Its not the fact that something negative will happen later- its the fact that nothing will happen and things will always remains the same - this is what scares me. I don't want to be in the endless cycle of one-step-forward one-step-back for the rest of my life.

It seems like at this rate I'll overcome my SA when I'm 75 or something. I would rather have negative stuff happening to me every day because I'm "out there" doing things I want to do, then always staying in my "comfort zone" and wondering what the outside world is like.

I'm working on it... its hard but I'm working on it.


----------



## Bredwh (Jan 24, 2009)

This is something called the Gambler's Fallacy. It is "committed when a person assumes that a departure from what occurs on average or in the long term will be corrected in the short term. The form of the fallacy is as follows:

1. X has happened.
2. X departs from what is expected to occur on average or over the long term.
3. Therefore, X will come to an end soon."

Example:

"Jane and Bill are talking:

Jane: "I'll be able to buy that car I always wanted soon."
Bill: "Why, did you get a raise?"
Jane: "No. But you know how I've been playing the lottery all these years?"
Bill: "Yes, you buy a ticket for every drawing, without fail."
Jane: "And I've lost every time."
Bill: "So why do you think you will win this time?"
Jane: "Well, after all those losses I'm due for a win.""


----------



## millenniumman75 (Feb 4, 2005)

This is part of SA - waiting for the next disaster to strike, part of the negative thinking and self-esteem.


----------



## refined_rascal (Dec 20, 2005)

It's totally irrational to think this way - but yes I do it all the time.


----------



## jfk1116 (Feb 27, 2009)

refined_rascal said:


> It's totally irrational to think this way - but yes I do it all the time.
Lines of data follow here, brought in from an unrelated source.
lemma Omega'1_bullet_word:
  assumes n: "1 \<le> n" and w: "w \<in> Omega'1 L n"
  shows "bullet_word L n w (bpos L w)"
proof -
  have w_Omega: "w \<in> Omega L n" and first: "letter_at w 1 = Bullet 1"
    using w unfolding Omega'1_def by blast+
  then have length_w: "length w = L" and valid: "\<forall>c\<in>set w. valid_letter n c"
    and order: "\<forall>k\<in>{1..<n}. (int (bpos L w k) - int (bpos L w 1)) mod int L
                   < (int (bpos L w (k + 1)) - int (bpos L w 1)) mod int L"
    unfolding Omega_def by blast+
  note bullets = Omega_bullets[OF w_Omega]
  have bullets_1: "{j \<in> {1..L}. letter_at w j = Bullet 1} = {bpos L w 1}"
    using bullets n by simp
  then have "bpos L w 1 \<in> {1..L}"
    by blast
  then have "1 \<in> {1..L}"
    by simp
  with first have "1 \<in> {bpos L w 1}"
    unfolding bullets_1[symmetric] by simp
  then have b_1: "bpos L w 1 = 1"
    by simp
  show ?thesis
  proof unfold_locales
    show "bpos L w k \<in> {1..L}" "letter_at w (bpos L w k) = Bullet k" if "k \<in> {1..n}" for k
      using bullets[OF that] by blast+
    show "j = bpos L w k" if "j \<in> {1..L}" "letter_at w j = Bullet k" for j k
      using bullets[OF Omega_bullet_label[OF w_Omega that]] that by blast
    show "bpos L w k < bpos L w (Suc k)" if k: "k \<in> {1..<n}" for k
    proof -
      have "(int (bpos L w k') - 1) mod int L = int (bpos L w k') - 1" if "k' \<in> {1..n}" for k'
        using int_pred_mod bullets[OF that] by blast
      then show ?thesis
        using order k b_1 by simp
    qed
  qed (use n length_w valid b_1 in auto)
qed

lemma Omega'1_iff_canonical_word:
  assumes "1 \<le> n"
  shows "w \<in> Omega'1 L n \<longleftrightarrow> canonical_word L n w (bpos L w)"
proof
  assume w: "w \<in> Omega'1 L n"
  then have bullets: "bullet_word L n w (bpos L w)"
    using Omega'1_bullet_word assms by blast
  show "canonical_word L n w (bpos L w)"
  proof (rule canonical_word.intro[OF bullets], unfold_locales)
    show "bpos L w i < j" if "j \<in> {1..L}" and "letter_at w j = Box i" for j i
      using w bullet_word.in_Omega'1_iff[OF bullets] that by blast
  qed
qed (rule canonical_word.in_Omega'1)
lemma ps_mult_assoc:
  "ps_mult (ps_mult f g) h = ps_mult f (ps_mult g (h::('m::finite, 'k::comm_ring_1) ps))"
proof
  fix J :: "'m \<Rightarrow> nat"
  have "ps_mult (ps_mult f g) h J =
     (\<Sum>(A, B)\<in>Sigma {A. A \<le> J} (\<lambda>A. {B. B \<le> A}). f B * g (\<lambda>i. A i - B i) * h (\<lambda>i. J i - A i))"
    unfolding ps_mult_def by (simp add: sum_distrib_right sum.Sigma finite_le_fun)
  also have "\<dots> = (\<Sum>(B, C)\<in>Sigma {B. B \<le> J} (\<lambda>B. {C. C \<le> (\<lambda>i. J i - B i)}).
                    f B * (g C * h (\<lambda>i. J i - B i - C i)))"
    by (rule sum.reindex_bij_witness[where i="\<lambda>(B, C). (\<lambda>i. B i + C i, B)"
                                       and j="\<lambda>(A, B). (B, \<lambda>i. A i - B i)"])
       (auto simp: le_fun_def mult.assoc le_diff_conv2 add.commute intro: order_trans diff_le_mono)
  also have "\<dots> = ps_mult f (ps_mult g h) J"
    unfolding ps_mult_def by (simp add: sum_distrib_left sum.Sigma finite_le_fun)
  finally show "ps_mult (ps_mult f g) h J = ps_mult f (ps_mult g h) J" .
qed

lemma ps_prod_insert:
  fixes F :: "'a \<Rightarrow> ('m::finite, 'k::comm_ring_1) ps"
  assumes "finite I" "p \<notin> I"
  shows "ps_prod F (insert p I) = ps_mult (F p) (ps_prod F I)"
proof -
  interpret comp_fun_commute "\<lambda>i acc. ps_mult (F i) acc"
  proof
    fix x y
    show "(\<lambda>acc. ps_mult (F y) acc) \<circ> (\<lambda>acc. ps_mult (F x) acc) =
          (\<lambda>acc. ps_mult (F x) acc) \<circ> (\<lambda>acc. ps_mult (F y) acc)"
      by (rule ext) (simp add: ps_mult_assoc[symmetric] ps_mult_commute[of "F x"])
  qed
  show ?thesis
    using assms unfolding ps_prod_def by simp
qed

section \<open>Weights and unique minimizers\<close>

definition weight :: "('m::finite \<Rightarrow> nat) \<Rightarrow> ('m \<Rightarrow> nat) \<Rightarrow> nat" where
  "weight v x = (\<Sum>k\<in>UNIV. v k * x k)"

definition unique_minimizer :: "('m::finite \<Rightarrow> nat) \<Rightarrow> ('m \<Rightarrow> nat) set \<Rightarrow> ('m \<Rightarrow> nat) \<Rightarrow> bool" where
  "unique_minimizer v X a \<longleftrightarrow> a \<in> X \<and> (\<forall>x\<in>X. x \<noteq> a \<longrightarrow> weight v a < weight v x)"

lemma weight_add: "weight v (\<lambda>i. a i + b i) = weight v a + weight v b"
  unfolding weight_def by (simp add: algebra_simps sum.distrib)

lemma unique_minimizer_unique:
  "unique_minimizer v X a \<Longrightarrow> unique_minimizer v X b \<Longrightarrow> a = b"
  unfolding unique_minimizer_def by force

lemma unique_minimizer_exists:
  assumes "y \<in> Y" "weight v y \<le> c" "inj_on (weight v) {x. weight v x \<le> c}"
  obtains z where "unique_minimizer v Y z" "weight v z \<le> weight v y"
proof -
  obtain z where z: "z \<in> Y" "\<forall>x\<in>Y. weight v z \<le> weight v x"
    using ex_has_least_nat[of "\<lambda>x. x \<in> Y" y "weight v"] assms(1) by blast
  have "weight v z < weight v x" if "x \<in> Y" "x \<noteq> z" for x
  proof -
    have "weight v z \<le> weight v y" "weight v z \<le> weight v x"
      using z that assms(1) by auto
    moreover have "weight v z \<noteq> weight v x"
      using inj_onD[OF assms(3), of z x] \<open>weight v z \<le> weight v y\<close> assms(2) that(2) by auto
    ultimately show ?thesis by simp
  qed
  with z assms(1) show thesis by (intro that) (auto simp: unique_minimizer_def)
qed

section \<open>Minkowski sums\<close>

lemma unique_minimizer_msum_decomp:
  assumes "unique_minimizer v A a" "unique_minimizer v B b" "a' \<in> A" "b' \<in> B"
    and "weight v (\<lambda>i. a' i + b' i) \<le> weight v (\<lambda>i. a i + b i)"
  shows "a' = a" "b' = b"
proof -
  have "weight v a \<le> weight v a'" "weight v b \<le> weight v b'"
    using assms(1-4) unfolding unique_minimizer_def by (metis order.strict_implies_order order_refl)+
  then show "a' = a" "b' = b"
    using assms unfolding unique_minimizer_def weight_add by (metis add_mono_thms_linordered_field not_le)+
qed

lemma unique_minimizer_msum:
  assumes "unique_minimizer v A a" "unique_minimizer v B b"
  shows "unique_minimizer v (msum A B) (\<lambda>i. a i + b i)"
  unfolding unique_minimizer_def
proof (intro conjI ballI impI)
  show "(\<lambda>i. a i + b i) \<in> msum A B"
    using assms unfolding unique_minimizer_def msum_def by blast
next
  fix x assume "x \<in> msum A B" "x \<noteq> (\<lambda>i. a i + b i)"
  then show "weight v (\<lambda>i. a i + b i) < weight v x"
    using unique_minimizer_msum_decomp[OF assms] unfolding msum_def by (force simp: not_less)
qed

lemma unique_minimizer_msumD:
  assumes "unique_minimizer v (msum A B) z"
  obtains a b where "unique_minimizer v A a" "unique_minimizer v B b" "z = (\<lambda>i. a i + b i)"
proof -
  obtain a b where ab: "a \<in> A" "b \<in> B" "z = (\<lambda>i. a i + b i)"
    using assms unfolding unique_minimizer_def msum_def by blast
  have "weight v a < weight v a'" if "a' \<in> A" "a' \<noteq> a" for a'
  proof -
    have "(\<lambda>i. a' i + b i) \<in> msum A B" "(\<lambda>i. a' i + b i) \<noteq> z"
      using that ab unfolding msum_def by (auto simp: fun_eq_iff)
    then show ?thesis
      using assms ab unfolding unique_minimizer_def by (auto simp: weight_add)
  qed
  moreover have "weight v b < weight v b'" if "b' \<in> B" "b' \<noteq> b" for b'
  proof -
    have "(\<lambda>i. a i + b' i) \<in> msum A B" "(\<lambda>i. a i + b' i) \<noteq> z"
      using that ab unfolding msum_def by (auto simp: fun_eq_iff)
    then show ?thesis
      using assms ab unfolding unique_minimizer_def by (auto simp: weight_add)
  qed
  ultimately show thesis
    using ab by (intro that) (auto simp: unique_minimizer_def)
qed

lemma msum_mono: "A \<subseteq> A' \<Longrightarrow> B \<subseteq> B' \<Longrightarrow> msum A B \<subseteq> msum A' B'"
  unfolding msum_def by blast

lemma msum_fin_mono: "(\<And>p. p \<in> I \<Longrightarrow> X p \<subseteq> Y p) \<Longrightarrow> msum_fin I X \<subseteq> msum_fin I Y"
  unfolding msum_fin_def by blast

lemma msum_fin_insert:
  assumes "finite I" "p \<notin> I"
  shows "msum_fin (insert p I) X = msum (X p) (msum_fin I X)"
proof (intro set_eqI iffI)
  fix t assume "t \<in> msum_fin (insert p I) X"
  then obtain g where g: "t = (\<lambda>i. \<Sum>q\<in>insert p I. g q i)" "\<forall>q\<in>insert p I. g q \<in> X q"
    unfolding msum_fin_def by auto
  then have "t = (\<lambda>i. g p i + (\<Sum>q\<in>I. g q i))" "(\<lambda>i. \<Sum>q\<in>I. g q i) \<in> msum_fin I X"
    using assms unfolding msum_fin_def by auto
  with g show "t \<in> msum (X p) (msum_fin I X)"
    unfolding msum_def by (intro CollectI exI[of _ "g p"] exI[of _ "\<lambda>i. \<Sum>q\<in>I. g q i"]) auto
next
  fix t assume "t \<in> msum (X p) (msum_fin I X)"
  then obtain a g where ag: "t = (\<lambda>i. a i + (\<Sum>q\<in>I. g q i))" "a \<in> X p" "\<forall>q\<in>I. g q \<in> X q"
    unfolding msum_def msum_fin_def by auto
  have "(\<Sum>q\<in>I. (g(p := a)) q i) = (\<Sum>q\<in>I. g q i)" for i
    using assms by (intro sum.cong) auto
  then have "t = (\<lambda>i. \<Sum>q\<in>insert p I. (g(p := a)) q i)"
    using assms ag by simp
  moreover have "\<forall>q\<in>insert p I. (g(p := a)) q \<in> X q"
    using ag by auto
  ultimately show "t \<in> msum_fin (insert p I) X"
    unfolding msum_fin_def by blast
qed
Youre exactly right. It is totally irrational, but very hard to improve on, althogh I have made a little headway in the past year.


----------



## fallingdownonmyface (Dec 3, 2006)

I don't feel like it. It always happens. Everytime something good happens something bad happens with me.


----------



## CrisRose (Jan 29, 2010)

I don't feel like something bad will happen but if I am really excited or happy about something, I get sad shortly after for no reason. It's like I can't let myself feel happy for too long :blank


----------



## Hello22 (Feb 10, 2010)

Yep cos once something in my life is going great, another area goes belly-up


----------



## ktbare (Sep 13, 2009)

I just feel that whenever something good happens or I'm feeling what I suppose is "happy" that it's all bound to come crashing down and turn to sh#t, or that it was never truly real in the first place.


----------



## Brewer (Jun 22, 2009)

Just recently I've been feeling this way. Over the last 2 or 3 days when something good/bad happens, the opposite takes place after. It's like clockwork.


----------



## matty (Nov 2, 2009)

I tend to think the other way. when something bad happens I think that something good will follow. Even if I have 3 or 4 bad things in a row then I just think my luck will change soon enough. Then I just enjoy the good times while they happen.


----------



## Dusky (Nov 5, 2009)

Hmm...I think this feeling is limited to close relationships/friendships for me. Anything that involves having to depend on someone to do something or anyone else being involved in general in a casual-not-professional way. Everything else usually goes the way I would expect it to.


----------



## recluse1 (May 25, 2010)

Sometimes when something good happens and I feel happy about it, I often remind myself not to rejoice too much because if something bad happens after, then the harder I will crash or my sadness will be more intense. So to "protect" myself, I remind myself not to celebrate too much. Sounds illogical to "normal" people but that's how I really feel.


----------



## Neptunus (Oct 29, 2007)

:lol Yes! I often feel as though I'm _fated_ for crap to happen to me!


----------



## foodie (Apr 27, 2010)

OMFG this is my life's story!!!!! im starting to wait on the bad **** to come now...when something good happens something bad happens and i forgot abt the goos **** that just happened...this is with EVERYTHING!!! i think im faithed to live such a life...


----------



## LeDiskoLove99 (Jun 7, 2010)

I'm very much like that. 

Most of the days where I'm not super depressed I'm still depressed because I know my happiness won't last forever. Whenever anything positive happens I know it either won't last, it'll get screwed up, or something bad will follow. And usually it does happen.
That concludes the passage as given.